The Bible Code
- Author: Michael Drosnin
- Publisher: Simon & Schuster
- Publication date: 1997

= The Bible Code (book) =

1997 book by Michael Drosnin

The Bible Code is a book by Michael Drosnin, first published by Simon & Schuster in 1997. A sequel, Bible Code II: The Countdown, was published by Penguin Random House in 2002, and also reached New York Times Best-Seller status. In 2010, Bible Code III: Saving the World was published by Worldmedia, Inc., completing a trilogy.

==The Bible Code and its interpretation of Bible Code theory==

Drosnin describes an alleged "Bible code", in which messages are encoded in the Hebrew Bible. The messages are purported to be hidden in the Torah, and can be deciphered by placing the letters of various Torah passages at equal intervals in a text that has been formatted to fit inside a graph.

Drosnin suggests that the code was written by extraterrestrial life (which he claims also brought the DNA of the human genetic code to Earth). Drosnin elaborates on this theory in Bible Code II: The Countdown, suggesting that the alien who brought the code left the key to the code in a steel obelisk. Drosnin attempted to find this obelisk, which he believes is buried near the Dead Sea.

Drosnin's book claims to be based on the technique described in the 1994 paper "Equidistant Letter Sequences in the Book of Genesis" by Eliyahu Rips, Doron Witztum, and Yoav Rosenberg, who have all denounced the conclusions drawn in The Bible Code.

==Criticism==

The general construction of alleged "Bible codes" and Drosnin's methodology in particular have been criticised by mathematicians and others.

==Acquisition of The Bible Code by Warner Bros. Pictures and "Code" screenplay==

In May 1997, Warner Bros. Pictures acquired the film rights to The Bible Code. At the time of acquisition, "[t]he studio's production presidents, Lorenzo di Bonaventura and Bill Gerber, said that the work 'addresses the age-old questions of our purpose on Earth, the meaning of the Bible, and our uniqueness in the universe – all issues that have stimulated the imagination for thousands of years'."
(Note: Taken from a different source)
(* Fix $\mu_0\neq\mu_1$ such that private beliefs are unbounded from below, i.e.\ for every $\epsilon>0$, $\mathbb{P}(B_u<\epsilon)>0$. Then there is a sequence $q(n)=q(n,\mu_0,\mu_1)$, depending only on $\mu_0,\mu_1$, with $q(n)\to1$ as $n\to\infty$, such that the following holds: for every finite set $V$ of $n$ agents with private signals and information $\sigma$-algebras as in the context, having common knowledge of actions (for all $u,w\in V$, $L_u$ is a.s.\ $\mathcal{F}_w$-measurable) and a common optimal action set $L$ with $L=L_u$ almost surely for all $u\in V$, we have $$\mathbb{P}(L=\{0\}\mid S=0)\ge q(n).$$
   Context: The state $S$ is uniform on $\{0,1\}$. $\mu_0\neq\mu_1$ are probability measures on a measurable space $(\Omega,\mathcal{O})$ (the Radon–Nikodym derivative $d\mu_1/d\mu_0$ is assumed to exist). $V$ is a finite set of agents; agent $u$ has a private signal $W_u$, and conditionally on $S$ the signals are i.i.d.\ with law $\mu_S$. The private belief is $B_u=\mathbb{P}(S=1\mid W_u)$. Each agent has information $\sigma$-algebra $\mathcal{F}_u$ with $\sigma(W_u)\subseteq\mathcal{F}_u\subseteq\sigma(W_v:v\in V)$; posterior belief $X_u=\mathbb{P}(S=1\mid\mathcal{F}_u)$; posterior optimal action set $L_u=\{0\}$ if $X_u<1/2$, $\{1\}$ if $X_u>1/2$, $\{0,1\}$ if $X_u=1/2$. *)

theory Defs
  imports "HOL-Probability.Probability"
begin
Drosnin, collaborating with filmmaker and writer Ruth Rachel Anderson-Avraham (née Yvonne Michele Anderson), an English Language and Literature and Religious Studies major from the University of Virginia who had then taken time off from her interdisciplinary graduate studies, including quantitative work and the pursuit of graduate degrees at HEC Paris and Harvard Law School, completed a screenplay entitled "Code" for Warner Bros. Pictures in 1998."Written after the terrorist bombing of the World Trade Center on February 26, 1993, but prior to September 11, 2001, the screenplay includes a plot line recalling the 1993 Al Qaeda attack on the Twin Towers, at a time when the tragic events of 9/11 were 'unimagineable'."The action of the story was set in New York City and Jerusalem.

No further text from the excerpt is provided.